Exercise details
Go through the entries below, tally each line with the string "unfolding", and give the final number by itself.

Records for the task
━━━━

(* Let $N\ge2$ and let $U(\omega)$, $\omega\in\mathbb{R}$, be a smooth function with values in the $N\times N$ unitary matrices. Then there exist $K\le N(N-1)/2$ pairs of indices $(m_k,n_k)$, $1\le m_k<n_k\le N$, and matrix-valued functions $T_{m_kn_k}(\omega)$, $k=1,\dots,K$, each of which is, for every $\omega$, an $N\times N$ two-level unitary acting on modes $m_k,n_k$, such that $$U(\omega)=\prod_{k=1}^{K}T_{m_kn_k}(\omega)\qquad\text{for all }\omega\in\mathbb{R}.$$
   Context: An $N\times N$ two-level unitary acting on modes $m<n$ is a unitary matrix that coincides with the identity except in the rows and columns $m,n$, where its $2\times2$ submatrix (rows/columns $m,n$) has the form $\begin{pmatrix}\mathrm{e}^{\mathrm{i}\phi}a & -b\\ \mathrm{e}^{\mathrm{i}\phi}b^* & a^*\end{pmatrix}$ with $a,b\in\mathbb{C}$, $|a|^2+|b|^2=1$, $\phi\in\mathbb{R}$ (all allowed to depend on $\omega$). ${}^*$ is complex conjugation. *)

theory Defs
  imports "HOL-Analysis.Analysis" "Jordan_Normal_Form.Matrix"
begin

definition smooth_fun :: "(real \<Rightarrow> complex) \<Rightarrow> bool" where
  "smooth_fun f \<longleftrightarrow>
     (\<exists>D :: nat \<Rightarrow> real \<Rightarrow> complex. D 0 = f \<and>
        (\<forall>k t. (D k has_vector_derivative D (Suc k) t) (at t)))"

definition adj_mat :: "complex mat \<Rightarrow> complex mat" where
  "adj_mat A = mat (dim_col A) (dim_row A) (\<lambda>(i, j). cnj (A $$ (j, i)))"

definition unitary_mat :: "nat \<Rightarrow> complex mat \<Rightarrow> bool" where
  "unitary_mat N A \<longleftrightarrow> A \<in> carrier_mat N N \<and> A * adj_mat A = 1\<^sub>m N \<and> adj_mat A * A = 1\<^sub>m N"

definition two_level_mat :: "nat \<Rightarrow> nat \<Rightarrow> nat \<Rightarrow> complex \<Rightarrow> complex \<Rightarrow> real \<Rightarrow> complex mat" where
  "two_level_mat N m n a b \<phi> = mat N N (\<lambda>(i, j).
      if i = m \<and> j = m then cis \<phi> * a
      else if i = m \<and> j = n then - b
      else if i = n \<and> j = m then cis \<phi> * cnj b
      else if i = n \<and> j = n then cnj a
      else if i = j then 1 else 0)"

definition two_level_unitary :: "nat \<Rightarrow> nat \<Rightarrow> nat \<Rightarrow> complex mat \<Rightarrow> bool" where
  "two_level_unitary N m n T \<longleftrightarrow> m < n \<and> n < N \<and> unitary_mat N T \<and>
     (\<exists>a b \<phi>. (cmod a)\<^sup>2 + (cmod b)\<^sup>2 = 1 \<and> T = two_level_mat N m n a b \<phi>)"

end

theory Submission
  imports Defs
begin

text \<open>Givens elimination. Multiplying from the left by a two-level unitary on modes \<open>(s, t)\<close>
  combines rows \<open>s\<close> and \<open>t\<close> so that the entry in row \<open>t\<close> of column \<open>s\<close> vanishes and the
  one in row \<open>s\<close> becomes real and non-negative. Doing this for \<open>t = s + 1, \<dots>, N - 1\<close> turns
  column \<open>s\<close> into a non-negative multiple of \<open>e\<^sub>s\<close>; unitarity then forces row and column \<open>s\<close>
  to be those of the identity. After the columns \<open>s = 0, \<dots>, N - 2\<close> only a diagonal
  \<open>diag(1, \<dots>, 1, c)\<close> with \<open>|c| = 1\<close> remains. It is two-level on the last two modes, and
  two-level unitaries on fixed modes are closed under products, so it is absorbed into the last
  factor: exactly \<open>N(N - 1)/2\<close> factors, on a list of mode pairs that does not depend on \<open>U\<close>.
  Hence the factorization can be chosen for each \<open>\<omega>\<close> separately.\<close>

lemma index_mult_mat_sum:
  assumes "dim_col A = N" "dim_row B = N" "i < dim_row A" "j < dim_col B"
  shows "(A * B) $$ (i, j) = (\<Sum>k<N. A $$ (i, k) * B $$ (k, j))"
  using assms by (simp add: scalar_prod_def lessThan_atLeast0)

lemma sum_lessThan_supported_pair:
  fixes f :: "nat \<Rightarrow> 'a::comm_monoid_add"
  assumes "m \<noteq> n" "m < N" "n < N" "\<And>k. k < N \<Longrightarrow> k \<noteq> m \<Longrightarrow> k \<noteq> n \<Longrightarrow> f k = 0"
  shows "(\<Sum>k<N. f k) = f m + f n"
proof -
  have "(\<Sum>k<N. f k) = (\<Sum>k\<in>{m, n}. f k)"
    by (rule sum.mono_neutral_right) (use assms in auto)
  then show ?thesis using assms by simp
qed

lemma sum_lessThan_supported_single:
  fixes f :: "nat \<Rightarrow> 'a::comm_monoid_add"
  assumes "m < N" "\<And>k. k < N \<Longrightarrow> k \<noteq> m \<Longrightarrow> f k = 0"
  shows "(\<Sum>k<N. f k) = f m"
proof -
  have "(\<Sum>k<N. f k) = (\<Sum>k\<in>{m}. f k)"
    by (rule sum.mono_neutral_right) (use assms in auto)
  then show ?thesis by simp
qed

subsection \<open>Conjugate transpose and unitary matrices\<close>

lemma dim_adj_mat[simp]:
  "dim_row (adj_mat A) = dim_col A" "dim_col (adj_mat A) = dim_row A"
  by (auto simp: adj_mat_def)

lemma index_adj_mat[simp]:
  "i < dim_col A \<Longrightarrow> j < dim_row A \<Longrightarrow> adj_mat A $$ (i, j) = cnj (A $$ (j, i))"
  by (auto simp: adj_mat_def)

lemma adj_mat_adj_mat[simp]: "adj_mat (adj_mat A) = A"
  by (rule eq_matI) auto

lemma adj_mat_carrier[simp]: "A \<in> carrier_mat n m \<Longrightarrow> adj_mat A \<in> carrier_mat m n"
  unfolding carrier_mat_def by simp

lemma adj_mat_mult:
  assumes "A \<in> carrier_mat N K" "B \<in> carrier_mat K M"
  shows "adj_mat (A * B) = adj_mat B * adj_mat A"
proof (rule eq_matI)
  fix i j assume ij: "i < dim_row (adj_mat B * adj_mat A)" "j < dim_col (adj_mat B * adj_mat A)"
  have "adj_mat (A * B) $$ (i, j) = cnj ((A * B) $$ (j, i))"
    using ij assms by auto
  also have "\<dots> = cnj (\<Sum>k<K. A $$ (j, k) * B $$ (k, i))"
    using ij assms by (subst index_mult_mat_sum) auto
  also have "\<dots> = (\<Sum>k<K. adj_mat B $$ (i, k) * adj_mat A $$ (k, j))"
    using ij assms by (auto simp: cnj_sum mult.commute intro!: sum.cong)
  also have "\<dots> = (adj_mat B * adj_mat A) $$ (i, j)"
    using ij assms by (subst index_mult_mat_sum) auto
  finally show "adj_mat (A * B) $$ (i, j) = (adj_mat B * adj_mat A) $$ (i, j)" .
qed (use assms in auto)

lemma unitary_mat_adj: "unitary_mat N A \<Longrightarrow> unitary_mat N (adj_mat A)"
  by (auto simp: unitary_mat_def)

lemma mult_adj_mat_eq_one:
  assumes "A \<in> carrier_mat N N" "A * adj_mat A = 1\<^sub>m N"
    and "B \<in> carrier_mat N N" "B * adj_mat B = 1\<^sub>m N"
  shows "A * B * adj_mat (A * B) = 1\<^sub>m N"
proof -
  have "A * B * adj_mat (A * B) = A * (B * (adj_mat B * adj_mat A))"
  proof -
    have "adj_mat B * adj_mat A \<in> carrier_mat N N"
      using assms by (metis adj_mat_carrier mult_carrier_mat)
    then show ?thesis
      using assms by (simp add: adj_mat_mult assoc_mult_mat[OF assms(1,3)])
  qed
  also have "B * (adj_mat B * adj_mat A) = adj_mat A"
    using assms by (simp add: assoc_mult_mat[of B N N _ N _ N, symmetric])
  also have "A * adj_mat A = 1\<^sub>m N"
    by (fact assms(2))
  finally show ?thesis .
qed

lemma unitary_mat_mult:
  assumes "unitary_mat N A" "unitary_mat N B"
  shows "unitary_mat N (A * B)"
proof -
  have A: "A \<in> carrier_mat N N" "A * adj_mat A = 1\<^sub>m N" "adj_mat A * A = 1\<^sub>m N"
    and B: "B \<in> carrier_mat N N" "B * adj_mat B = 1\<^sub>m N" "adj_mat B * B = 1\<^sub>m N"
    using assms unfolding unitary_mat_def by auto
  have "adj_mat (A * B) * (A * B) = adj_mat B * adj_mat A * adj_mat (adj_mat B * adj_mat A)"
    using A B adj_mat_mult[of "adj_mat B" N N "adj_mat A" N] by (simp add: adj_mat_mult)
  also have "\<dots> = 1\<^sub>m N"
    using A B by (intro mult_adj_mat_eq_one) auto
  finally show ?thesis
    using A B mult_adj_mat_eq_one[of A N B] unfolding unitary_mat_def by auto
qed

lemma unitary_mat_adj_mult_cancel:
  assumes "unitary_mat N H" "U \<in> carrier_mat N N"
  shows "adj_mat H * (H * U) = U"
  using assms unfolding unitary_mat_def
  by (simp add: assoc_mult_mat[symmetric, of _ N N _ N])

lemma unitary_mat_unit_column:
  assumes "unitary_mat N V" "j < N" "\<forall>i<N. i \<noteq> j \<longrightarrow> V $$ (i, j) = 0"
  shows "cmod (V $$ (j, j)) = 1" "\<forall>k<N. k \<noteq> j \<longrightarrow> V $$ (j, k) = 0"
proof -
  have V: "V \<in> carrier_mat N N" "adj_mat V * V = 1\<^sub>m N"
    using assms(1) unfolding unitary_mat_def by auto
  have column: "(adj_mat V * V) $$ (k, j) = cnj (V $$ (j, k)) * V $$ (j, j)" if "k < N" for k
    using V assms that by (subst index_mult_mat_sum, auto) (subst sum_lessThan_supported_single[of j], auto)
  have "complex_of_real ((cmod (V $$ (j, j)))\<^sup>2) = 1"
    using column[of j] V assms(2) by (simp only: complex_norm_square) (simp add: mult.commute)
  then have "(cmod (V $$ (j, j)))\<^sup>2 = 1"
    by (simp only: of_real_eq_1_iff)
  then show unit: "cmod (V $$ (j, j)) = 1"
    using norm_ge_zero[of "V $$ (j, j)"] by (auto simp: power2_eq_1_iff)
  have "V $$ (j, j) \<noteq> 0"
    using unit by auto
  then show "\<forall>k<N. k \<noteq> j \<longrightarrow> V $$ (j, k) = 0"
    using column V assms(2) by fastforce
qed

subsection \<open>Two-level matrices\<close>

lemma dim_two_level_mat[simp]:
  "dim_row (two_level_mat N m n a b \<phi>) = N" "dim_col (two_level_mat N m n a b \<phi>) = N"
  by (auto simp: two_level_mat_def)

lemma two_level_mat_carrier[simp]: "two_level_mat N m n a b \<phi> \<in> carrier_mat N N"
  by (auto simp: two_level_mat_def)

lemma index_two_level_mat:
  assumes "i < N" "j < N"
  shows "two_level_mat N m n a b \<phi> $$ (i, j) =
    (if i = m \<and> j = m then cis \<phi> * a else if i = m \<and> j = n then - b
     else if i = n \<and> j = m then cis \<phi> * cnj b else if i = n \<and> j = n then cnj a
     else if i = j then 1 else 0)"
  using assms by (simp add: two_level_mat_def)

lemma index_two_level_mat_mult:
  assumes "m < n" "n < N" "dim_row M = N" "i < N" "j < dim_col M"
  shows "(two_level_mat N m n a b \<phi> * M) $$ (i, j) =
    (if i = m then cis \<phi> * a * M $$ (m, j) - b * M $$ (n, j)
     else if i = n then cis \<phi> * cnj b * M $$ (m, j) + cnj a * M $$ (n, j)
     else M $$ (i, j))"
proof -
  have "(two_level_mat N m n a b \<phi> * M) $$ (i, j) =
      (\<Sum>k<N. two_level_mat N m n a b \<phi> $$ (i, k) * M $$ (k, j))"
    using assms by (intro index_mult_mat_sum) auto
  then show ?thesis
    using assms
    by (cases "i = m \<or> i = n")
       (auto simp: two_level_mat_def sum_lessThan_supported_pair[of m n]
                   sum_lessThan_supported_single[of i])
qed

━━━━

Written answer
5